DATA FOR ANALYSIS START

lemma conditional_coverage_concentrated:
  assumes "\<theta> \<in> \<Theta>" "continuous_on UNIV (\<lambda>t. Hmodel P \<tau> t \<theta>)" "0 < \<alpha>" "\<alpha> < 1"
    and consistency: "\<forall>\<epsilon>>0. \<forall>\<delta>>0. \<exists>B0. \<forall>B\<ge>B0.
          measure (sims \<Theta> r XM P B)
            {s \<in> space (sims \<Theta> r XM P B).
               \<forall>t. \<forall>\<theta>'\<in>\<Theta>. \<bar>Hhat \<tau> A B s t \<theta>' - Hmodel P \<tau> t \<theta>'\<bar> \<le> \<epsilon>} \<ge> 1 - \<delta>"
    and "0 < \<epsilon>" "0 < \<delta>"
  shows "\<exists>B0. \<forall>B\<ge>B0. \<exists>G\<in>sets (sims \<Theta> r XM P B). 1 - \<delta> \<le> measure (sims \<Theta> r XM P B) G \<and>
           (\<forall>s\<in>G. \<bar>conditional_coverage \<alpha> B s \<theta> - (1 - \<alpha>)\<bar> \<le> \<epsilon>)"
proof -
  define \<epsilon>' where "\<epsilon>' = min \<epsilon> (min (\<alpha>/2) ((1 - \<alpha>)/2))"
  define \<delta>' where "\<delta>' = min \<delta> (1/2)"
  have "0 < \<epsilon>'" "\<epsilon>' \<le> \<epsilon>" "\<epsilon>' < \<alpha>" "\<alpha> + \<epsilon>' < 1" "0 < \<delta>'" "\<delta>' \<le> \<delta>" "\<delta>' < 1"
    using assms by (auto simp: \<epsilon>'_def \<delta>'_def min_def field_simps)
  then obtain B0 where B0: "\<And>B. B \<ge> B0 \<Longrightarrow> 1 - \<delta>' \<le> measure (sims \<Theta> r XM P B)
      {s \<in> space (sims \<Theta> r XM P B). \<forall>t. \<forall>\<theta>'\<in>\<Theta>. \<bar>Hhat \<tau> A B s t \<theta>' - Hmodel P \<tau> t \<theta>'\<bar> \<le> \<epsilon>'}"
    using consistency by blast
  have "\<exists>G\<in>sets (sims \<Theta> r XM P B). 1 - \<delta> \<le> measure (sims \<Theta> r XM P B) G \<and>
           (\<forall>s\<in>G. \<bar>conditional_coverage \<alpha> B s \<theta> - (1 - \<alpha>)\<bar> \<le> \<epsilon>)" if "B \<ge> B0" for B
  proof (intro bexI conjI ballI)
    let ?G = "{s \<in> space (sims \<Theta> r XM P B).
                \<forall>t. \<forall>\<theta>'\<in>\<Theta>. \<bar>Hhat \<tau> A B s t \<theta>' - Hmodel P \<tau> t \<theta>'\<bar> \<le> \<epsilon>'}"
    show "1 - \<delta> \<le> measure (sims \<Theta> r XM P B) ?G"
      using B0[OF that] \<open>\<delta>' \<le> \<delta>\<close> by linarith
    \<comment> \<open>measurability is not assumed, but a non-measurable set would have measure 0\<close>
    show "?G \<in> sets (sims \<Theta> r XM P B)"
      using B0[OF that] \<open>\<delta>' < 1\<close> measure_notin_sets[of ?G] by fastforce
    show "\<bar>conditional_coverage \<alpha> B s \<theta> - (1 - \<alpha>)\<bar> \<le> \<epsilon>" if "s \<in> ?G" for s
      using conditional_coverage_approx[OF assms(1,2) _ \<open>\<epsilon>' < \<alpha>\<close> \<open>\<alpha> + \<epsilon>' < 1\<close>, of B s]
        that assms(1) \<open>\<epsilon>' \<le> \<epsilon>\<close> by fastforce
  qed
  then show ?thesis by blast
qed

DATA FOR ANALYSIS END
DATA FOR ANALYSIS START

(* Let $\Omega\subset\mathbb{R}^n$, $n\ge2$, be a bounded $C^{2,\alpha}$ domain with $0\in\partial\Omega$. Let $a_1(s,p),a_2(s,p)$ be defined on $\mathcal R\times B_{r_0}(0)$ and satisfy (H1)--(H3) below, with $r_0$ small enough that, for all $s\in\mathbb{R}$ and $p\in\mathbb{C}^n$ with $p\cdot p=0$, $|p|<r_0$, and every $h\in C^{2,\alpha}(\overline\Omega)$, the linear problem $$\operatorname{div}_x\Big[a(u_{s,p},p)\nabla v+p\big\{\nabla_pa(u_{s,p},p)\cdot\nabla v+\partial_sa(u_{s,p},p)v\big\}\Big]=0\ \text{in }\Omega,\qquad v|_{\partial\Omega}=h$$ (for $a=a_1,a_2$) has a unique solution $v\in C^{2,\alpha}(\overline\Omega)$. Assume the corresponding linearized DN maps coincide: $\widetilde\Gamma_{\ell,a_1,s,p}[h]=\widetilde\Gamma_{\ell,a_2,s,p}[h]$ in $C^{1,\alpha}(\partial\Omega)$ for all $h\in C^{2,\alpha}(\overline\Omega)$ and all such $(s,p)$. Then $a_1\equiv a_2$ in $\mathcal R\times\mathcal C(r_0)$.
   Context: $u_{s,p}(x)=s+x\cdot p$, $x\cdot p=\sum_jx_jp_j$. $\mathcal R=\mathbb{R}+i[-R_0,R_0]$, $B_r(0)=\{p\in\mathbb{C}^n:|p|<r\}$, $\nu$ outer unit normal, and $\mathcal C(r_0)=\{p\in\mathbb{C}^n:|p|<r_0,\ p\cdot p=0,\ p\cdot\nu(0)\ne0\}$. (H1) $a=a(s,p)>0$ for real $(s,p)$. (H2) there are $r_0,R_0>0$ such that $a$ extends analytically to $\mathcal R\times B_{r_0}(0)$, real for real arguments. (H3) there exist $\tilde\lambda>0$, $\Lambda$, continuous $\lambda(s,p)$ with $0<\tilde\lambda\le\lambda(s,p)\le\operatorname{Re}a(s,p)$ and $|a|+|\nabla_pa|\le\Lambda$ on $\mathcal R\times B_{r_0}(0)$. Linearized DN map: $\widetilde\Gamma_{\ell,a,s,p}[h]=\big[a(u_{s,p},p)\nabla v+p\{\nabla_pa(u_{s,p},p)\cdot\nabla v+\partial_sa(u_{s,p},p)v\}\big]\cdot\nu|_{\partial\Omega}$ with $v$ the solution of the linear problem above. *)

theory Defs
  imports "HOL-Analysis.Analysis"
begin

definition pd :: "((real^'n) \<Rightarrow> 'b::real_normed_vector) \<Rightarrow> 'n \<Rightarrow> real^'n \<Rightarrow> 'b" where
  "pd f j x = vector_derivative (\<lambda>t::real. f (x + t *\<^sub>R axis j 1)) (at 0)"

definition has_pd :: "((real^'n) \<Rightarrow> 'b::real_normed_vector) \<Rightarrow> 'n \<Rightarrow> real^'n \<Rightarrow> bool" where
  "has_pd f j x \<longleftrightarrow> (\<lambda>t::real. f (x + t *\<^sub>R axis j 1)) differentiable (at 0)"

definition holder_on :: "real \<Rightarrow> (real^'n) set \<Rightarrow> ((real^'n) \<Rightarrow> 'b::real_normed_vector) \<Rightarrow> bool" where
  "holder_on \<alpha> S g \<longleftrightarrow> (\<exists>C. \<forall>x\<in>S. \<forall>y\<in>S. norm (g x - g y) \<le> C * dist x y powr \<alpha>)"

DATA FOR ANALYSIS END
DATA FOR ANALYSIS START

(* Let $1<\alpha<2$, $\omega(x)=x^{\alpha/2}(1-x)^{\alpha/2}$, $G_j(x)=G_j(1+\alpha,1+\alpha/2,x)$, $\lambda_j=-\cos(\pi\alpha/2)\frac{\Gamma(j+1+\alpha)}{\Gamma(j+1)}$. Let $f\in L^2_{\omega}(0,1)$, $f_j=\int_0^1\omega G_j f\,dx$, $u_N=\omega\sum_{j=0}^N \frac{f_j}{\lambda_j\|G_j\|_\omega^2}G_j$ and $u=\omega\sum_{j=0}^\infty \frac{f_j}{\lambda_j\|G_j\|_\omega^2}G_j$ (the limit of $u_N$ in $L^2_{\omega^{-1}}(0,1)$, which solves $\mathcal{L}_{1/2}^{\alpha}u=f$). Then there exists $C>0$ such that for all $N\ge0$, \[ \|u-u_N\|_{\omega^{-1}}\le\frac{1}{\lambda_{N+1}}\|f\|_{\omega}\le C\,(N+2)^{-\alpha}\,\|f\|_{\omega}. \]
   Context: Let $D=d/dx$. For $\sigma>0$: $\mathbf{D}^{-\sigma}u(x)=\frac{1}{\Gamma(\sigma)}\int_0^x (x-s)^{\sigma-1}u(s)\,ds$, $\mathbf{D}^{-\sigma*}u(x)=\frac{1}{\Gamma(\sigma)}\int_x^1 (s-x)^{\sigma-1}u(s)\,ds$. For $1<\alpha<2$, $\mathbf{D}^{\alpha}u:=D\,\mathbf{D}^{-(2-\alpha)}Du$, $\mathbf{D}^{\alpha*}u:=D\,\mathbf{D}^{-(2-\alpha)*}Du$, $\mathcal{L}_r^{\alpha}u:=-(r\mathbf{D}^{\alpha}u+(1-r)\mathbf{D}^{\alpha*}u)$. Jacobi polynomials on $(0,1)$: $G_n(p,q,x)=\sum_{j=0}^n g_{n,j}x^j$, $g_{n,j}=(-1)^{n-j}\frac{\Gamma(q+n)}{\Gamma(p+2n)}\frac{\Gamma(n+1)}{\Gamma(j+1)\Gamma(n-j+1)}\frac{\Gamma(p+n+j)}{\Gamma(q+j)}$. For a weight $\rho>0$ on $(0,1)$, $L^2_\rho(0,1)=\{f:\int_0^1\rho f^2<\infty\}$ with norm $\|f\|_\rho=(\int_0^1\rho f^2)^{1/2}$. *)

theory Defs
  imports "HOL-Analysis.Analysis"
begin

DATA FOR ANALYSIS END

WHAT IS EXPECTED: Among the lines of the data, which ones contain the word "frac"? Show them.

ANSWER SECTION:
(* Let $1<\alpha<2$, $\omega(x)=x^{\alpha/2}(1-x)^{\alpha/2}$, $G_j(x)=G_j(1+\alpha,1+\alpha/2,x)$, $\lambda_j=-\cos(\pi\alpha/2)\frac{\Gamma(j+1+\alpha)}{\Gamma(j+1)}$. Let $f\in L^2_{\omega}(0,1)$, $f_j=\int_0^1\omega G_j f\,dx$, $u_N=\omega\sum_{j=0}^N \frac{f_j}{\lambda_j\|G_j\|_\omega^2}G_j$ and $u=\omega\sum_{j=0}^\infty \frac{f_j}{\lambda_j\|G_j\|_\omega^2}G_j$ (the limit of $u_N$ in $L^2_{\omega^{-1}}(0,1)$, which solves $\mathcal{L}_{1/2}^{\alpha}u=f$). Then there exists $C>0$ such that for all $N\ge0$, \[ \|u-u_N\|_{\omega^{-1}}\le\frac{1}{\lambda_{N+1}}\|f\|_{\omega}\le C\,(N+2)^{-\alpha}\,\|f\|_{\omega}. \]
   Context: Let $D=d/dx$. For $\sigma>0$: $\mathbf{D}^{-\sigma}u(x)=\frac{1}{\Gamma(\sigma)}\int_0^x (x-s)^{\sigma-1}u(s)\,ds$, $\mathbf{D}^{-\sigma*}u(x)=\frac{1}{\Gamma(\sigma)}\int_x^1 (s-x)^{\sigma-1}u(s)\,ds$. For $1<\alpha<2$, $\mathbf{D}^{\alpha}u:=D\,\mathbf{D}^{-(2-\alpha)}Du$, $\mathbf{D}^{\alpha*}u:=D\,\mathbf{D}^{-(2-\alpha)*}Du$, $\mathcal{L}_r^{\alpha}u:=-(r\mathbf{D}^{\alpha}u+(1-r)\mathbf{D}^{\alpha*}u)$. Jacobi polynomials on $(0,1)$: $G_n(p,q,x)=\sum_{j=0}^n g_{n,j}x^j$, $g_{n,j}=(-1)^{n-j}\frac{\Gamma(q+n)}{\Gamma(p+2n)}\frac{\Gamma(n+1)}{\Gamma(j+1)\Gamma(n-j+1)}\frac{\Gamma(p+n+j)}{\Gamma(q+j)}$. For a weight $\rho>0$ on $(0,1)$, $L^2_\rho(0,1)=\{f:\int_0^1\rho f^2<\infty\}$ with norm $\|f\|_\rho=(\int_0^1\rho f^2)^{1/2}$. *)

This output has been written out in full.